Indian monk charged with murder in NepalFebruary 25th, 2010 - 4:54 pm ICT by IANS
Kathmandu, Feb 25 (IANS) Nepal’s police have formally charged an Indian monk belonging to the renowned Bharat Sevashram Sangh order with murder following the death of a six-year-old boy who was entrusted to the care of the home and school run by the organisation in Kathmandu.
Swami Atmashuddhananda, the 40-year-old monk from Assam who had made Nepal his home for the last 15 years, was Wednesday formally charged with the murder of Rupesh Giri in the ashram, along with four others.
They include two other students of the same school, who are around 15.
Inspector Govind Ram Pariyar, who is investigating the death of the boy, said even though the Indian monk apparently had no role in the death, he had been arrested and charged in accordance with Nepal’s law.
“Now the court will decide if the monk is innocent or guilty,” Pariyar told IANS.
One of the two boys arrested with the monk told police during questioning that he had thrashed Rupesh Monday night for sleeping in his bed.
When the sobbing Rupesh went to the bathroom, he reportedly said he hit the boy again.
Rupesh was found dead Tuesday morning. Though it was a case of accidental manslaughter, the monk was reportedly fearful of the adverse publicity it could generate and tried to make it look as if Rupesh had fallen ill.
An employee of the ashram, Sharan Koirala, was asked to take the boy to the nearby hospital but the doctors there pronounced him dead.
Doctors at the Om Hospital also reported it as a suspicious death after seeing the bruises on the boy’s body.
Consequently, the monk, Koirala and three others, including two students, were arrested Tuesday.
All five have been charged with murder.
Following the arrests, the school run by the ashram at Gaurighat, close to the Pashupatinath temple, was closed. However, the ashram is still open.

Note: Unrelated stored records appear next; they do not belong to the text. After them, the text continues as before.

lemma norm_in_basis_werner:
  fixes s t :: "'d::finite \<Rightarrow> 'd \<Rightarrow> complex"
  assumes s: "orthonormal_basis s" and t: "orthonormal_basis t" and \<beta>: "\<bar>\<beta>\<bar> \<le> 1"
  shows "cmod (in_basis s t (werner \<beta>) (k, l) (k', l')) =
    ((if k = k' \<and> l = l' then 1 + (\<beta> - \<bar>\<beta>\<bar>) * (cmod (cinner (s k) (t l)))\<^sup>2 else 0)
      + \<bar>\<beta>\<bar> * (cmod (cinner (s k) (t l')) * cmod (cinner (s k') (t l))))
      / \<bar>(real CARD('d))\<^sup>2 + real CARD('d) * \<beta>\<bar>"
proof -
  define x where "x k n = cmod (cinner (s k) (t n))" for k n
  have swap: "cinner (t n) (s m) = cnj (cinner (s m) (t n))" for m n
    by (simp only: cnj_cinner)
  have "cmod (in_basis s t (werner \<beta>) (k, l) (k', l')) =
      cmod ((if k = k' \<and> l = l' then 1 else 0) + \<beta> * (cinner (s k) (t l') * cinner (t l) (s k'))) / \<bar>(real CARD('d))\<^sup>2 + real CARD('d) * \<beta>\<bar>"
    unfolding in_basis_werner[OF s t] norm_divide norm_of_real ..
  also have "cmod ((if k = k' \<and> l = l' then 1 else 0) + \<beta> * (cinner (s k) (t l') * cinner (t l) (s k')))
      = (if k = k' \<and> l = l' then 1 + (\<beta> - \<bar>\<beta>\<bar>) * (x k l)\<^sup>2 else 0) + \<bar>\<beta>\<bar> * (x k l' * x k' l)"
  proof (cases "k = k' \<and> l = l'")
    case True
    then have kl: "k' = k" "l' = l"
      by simp_all
    have "(x k l)\<^sup>2 \<le> 1"
      using orthonormal_bases_overlap_le_1[OF s t, of k l] by (simp add: x_def power_le_one)
    then have "\<bar>\<beta>\<bar> * (x k l)\<^sup>2 \<le> 1"
      using \<beta> by (simp add: mult_le_one)
    moreover have "- \<bar>\<beta>\<bar> * (x k l)\<^sup>2 \<le> \<beta> * (x k l)\<^sup>2"
      by (rule mult_right_mono) auto
    ultimately have nonneg: "0 \<le> 1 + \<beta> * (x k l)\<^sup>2"
      by linarith
    have real: "1 + \<beta> * (cinner (s k) (t l) * cinner (t l) (s k)) = of_real (1 + \<beta> * (x k l)\<^sup>2)"
      by (simp add: swap x_def complex_norm_square del: of_real_power)
    show ?thesis
      unfolding kl by (simp only: simp_thms if_True real norm_of_real abs_of_nonneg[OF nonneg])
        (simp add: power2_eq_square algebra_simps)
  next
    case False
    then show ?thesis
      by (simp add: swap norm_mult x_def)
  qed
  finally show ?thesis
    unfolding x_def .
qed

lemma entrywise_l1_in_basis_werner:
  fixes s t :: "'d::finite \<Rightarrow> 'd \<Rightarrow> complex"
  assumes s: "orthonormal_basis s" and t: "orthonormal_basis t" and \<beta>: "\<bar>\<beta>\<bar> \<le> 1"
  shows "entrywise_l1 (in_basis s t (werner \<beta>)) =
    ((real CARD('d))\<^sup>2 + (\<beta> - \<bar>\<beta>\<bar>) * real CARD('d) + \<bar>\<beta>\<bar> * (overlap_l1 s t)\<^sup>2)
      / \<bar>(real CARD('d))\<^sup>2 + real CARD('d) * \<beta>\<bar>"
proof -
  define N where "N = (real CARD('d))\<^sup>2 + real CARD('d) * \<beta>"
  define x where "x k n = cmod (cinner (s k) (t n))" for k n
  have entry: "cmod (in_basis s t (werner \<beta>) (k, l) (k', l')) =
      ((if k = k' \<and> l = l' then 1 + (\<beta> - \<bar>\<beta>\<bar>) * (x k l)\<^sup>2 else 0) + \<bar>\<beta>\<bar> * (x k l' * x k' l)) / \<bar>N\<bar>"
    for k l k' l'
    unfolding norm_in_basis_werner[OF s t \<beta>] x_def N_def ..
  have "entrywise_l1 (in_basis s t (werner \<beta>)) =
      (\<Sum>k\<in>UNIV. \<Sum>l\<in>UNIV. \<Sum>k'\<in>UNIV. \<Sum>l'\<in>UNIV.
        (if k = k' \<and> l = l' then 1 + (\<beta> - \<bar>\<beta>\<bar>) * (x k l)\<^sup>2 else 0) + \<bar>\<beta>\<bar> * (x k l' * x k' l)) / \<bar>N\<bar>"
    by (simp add: entrywise_l1_def sum_UNIV_prod entry flip: sum_divide_distrib)
  also have "\<dots> = ((\<Sum>k\<in>UNIV. \<Sum>l\<in>UNIV. 1 + (\<beta> - \<bar>\<beta>\<bar>) * (x k l)\<^sup>2)
      + \<bar>\<beta>\<bar> * (\<Sum>k\<in>UNIV. \<Sum>l\<in>UNIV. \<Sum>k'\<in>UNIV. \<Sum>l'\<in>UNIV. x k l' * x k' l)) / \<bar>N\<bar>"
    by (simp add: sum.distrib sum_distrib_left)
  also have "\<dots> = ((real CARD('d))\<^sup>2 + (\<beta> - \<bar>\<beta>\<bar>) * real CARD('d)
      + \<bar>\<beta>\<bar> * (\<Sum>k\<in>UNIV. \<Sum>n\<in>UNIV. x k n)\<^sup>2) / \<bar>N\<bar>"
    using sum_overlap_power2[OF s t]
    by (simp add: sum.distrib sum_cross_products_eq_square x_def power2_eq_square flip: sum_distrib_left)
  finally show ?thesis
    by (simp add: N_def x_def overlap_l1_def)
qed
lemma negativity_meas_AB_state_werner:
  fixes s t :: "'d::finite \<Rightarrow> 'd \<Rightarrow> complex"
  assumes s: "orthonormal_basis s" and t: "orthonormal_basis t"
    and d: "CARD('d) \<ge> 2" and \<beta>: "\<bar>\<beta>\<bar> \<le> 1"
  shows "negativity (meas_AB_state s t (werner \<beta>)) =
    \<bar>\<beta>\<bar> * ((overlap_l1 s t)\<^sup>2 - real CARD('d)) / (2 * (real CARD('d) * (real CARD('d) + \<beta>)))"
proof -
  have "0 < real CARD('d) * (real CARD('d) + \<beta>)"
    using d \<beta> by (intro mult_pos_pos) auto
  then show ?thesis
    unfolding negativity_def trace_norm_ptrans_meas_AB_state[OF s t] entrywise_l1_in_basis_werner[OF s t \<beta>]
    by (simp add: power2_eq_square field_simps)
qed

lemma negativity_meas_AB_state_werner_same_basis:
  fixes s :: "'d::finite \<Rightarrow> 'd \<Rightarrow> complex"
  assumes "orthonormal_basis s" and "CARD('d) \<ge> 2" and "\<bar>\<beta>\<bar> \<le> 1"
  shows "negativity (meas_AB_state s s (werner \<beta>)) =
    \<bar>\<beta>\<bar> * (real CARD('d) - 1) / (2 * (real CARD('d) + \<beta>))"
proof -
  define d where "d = real CARD('d)"
  have "negativity (meas_AB_state s s (werner \<beta>)) = d * (\<bar>\<beta>\<bar> * (d - 1)) / (d * (2 * (d + \<beta>)))"
    by (simp add: negativity_meas_AB_state_werner[OF assms(1,1,2,3)] overlap_l1_self[OF assms(1)]
        d_def power2_eq_square algebra_simps)
  also have "\<dots> = \<bar>\<beta>\<bar> * (d - 1) / (2 * (d + \<beta>))"
    using assms(2) by (simp add: d_def)
  finally show ?thesis
    by (simp add: d_def)
qed

lemma negativity_meas_AB_state_werner_ge:
  fixes s t :: "'d::finite \<Rightarrow> 'd \<Rightarrow> complex"
  assumes s: "orthonormal_basis s" and t: "orthonormal_basis t"
    and d: "CARD('d) \<ge> 2" and \<beta>: "\<bar>\<beta>\<bar> \<le> 1"
  shows "\<bar>\<beta>\<bar> * (real CARD('d) - 1) / (2 * (real CARD('d) + \<beta>)) \<le> negativity (meas_AB_state s t (werner \<beta>))"
proof -
  have "(overlap_l1 s s)\<^sup>2 \<le> (overlap_l1 s t)\<^sup>2"
    using overlap_l1_ge_card[OF s t] by (simp add: overlap_l1_self[OF s] power_mono)
  moreover have "0 < real CARD('d) * (real CARD('d) + \<beta>)"
    using d \<beta> by (intro mult_pos_pos) auto
  ultimately have "negativity (meas_AB_state s s (werner \<beta>)) \<le> negativity (meas_AB_state s t (werner \<beta>))"
    unfolding negativity_meas_AB_state_werner[OF s s d \<beta>] negativity_meas_AB_state_werner[OF s t d \<beta>]
    by (intro divide_right_mono mult_left_mono) auto
  then show ?thesis
    by (simp add: negativity_meas_AB_state_werner_same_basis[OF s d \<beta>])
qed

lemma negativity_meas_A_state_werner:
  fixes s :: "'d::finite \<Rightarrow> 'd \<Rightarrow> complex"
  assumes "orthonormal_basis s"
  shows "negativity (meas_A_state s (werner \<beta>)) = negativity (meas_AB_state s s (werner \<beta>))"
proof -
  have "partial_monomial (ptrans (meas_A_state idop (in_basis s s (werner \<beta>))))"
    by (simp add: in_basis_werner_self[OF assms] partial_monomial_ptrans_meas_A_state_werner)
  then show ?thesis
    by (simp add: negativity_def trace_norm_ptrans_meas_A_state[OF assms assms]
        trace_norm_ptrans_meas_AB_state[OF assms assms])
qed

lemma cINF_eq_attained:
  fixes f :: "'a \<Rightarrow> 'b::conditionally_complete_lattice"
  assumes "x \<in> A" and "f x = c" and "\<And>y. y \<in> A \<Longrightarrow> c \<le> f y"
  shows "(INF y\<in>A. f y) = c"
  using assms by (intro cInf_eq_minimum) auto

theorem theorem13:
  fixes \<beta> :: real
  assumes "CARD('d::finite) \<ge> 2" and "\<bar>\<beta>\<bar> \<le> 1"
  shows "QA_neg (werner \<beta> :: ('d \<times> 'd, 'd \<times> 'd) op) =
           \<bar>\<beta>\<bar> * (real CARD('d) - 1) / (2 * (real CARD('d) + \<beta>))
       \<and> QAB_neg (werner \<beta> :: ('d \<times> 'd, 'd \<times> 'd) op) =
           \<bar>\<beta>\<bar> * (real CARD('d) - 1) / (2 * (real CARD('d) + \<beta>))"
proof
  show "QA_neg (werner \<beta> :: ('d \<times> 'd, 'd \<times> 'd) op) =
      \<bar>\<beta>\<bar> * (real CARD('d) - 1) / (2 * (real CARD('d) + \<beta>))"
    unfolding QA_neg_def
    by (rule cINF_eq_attained[of idop])
      (simp_all add: orthonormal_basis_idop negativity_meas_A_state_werner
        negativity_meas_AB_state_werner_same_basis assms)
  show "QAB_neg (werner \<beta> :: ('d \<times> 'd, 'd \<times> 'd) op) =
      \<bar>\<beta>\<bar> * (real CARD('d) - 1) / (2 * (real CARD('d) + \<beta>))"
    unfolding QAB_neg_def
    by (rule cINF_eq_attained[of "(idop, idop)"])
      (use negativity_meas_AB_state_werner_ge[OF _ _ assms] in
        \<open>auto simp: orthonormal_basis_idop negativity_meas_AB_state_werner_same_basis assms\<close>)
qed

It houses about 60 children, most of whom are from low-income households. Rupesh was brought to the ashram a little over a month ago by his mother, who works as a cleaner in a local hotel, so that he could receive some education.
Though Bharat Sevashram Sangh is a renowned name in India for social service and has branches in Bangladesh, the US, Britain and Fiji, it had to change its name to Pranavananda Ashram in Nepal out of deference to anti-India sentiments.
Pranavananda was the founder of the order in 1917.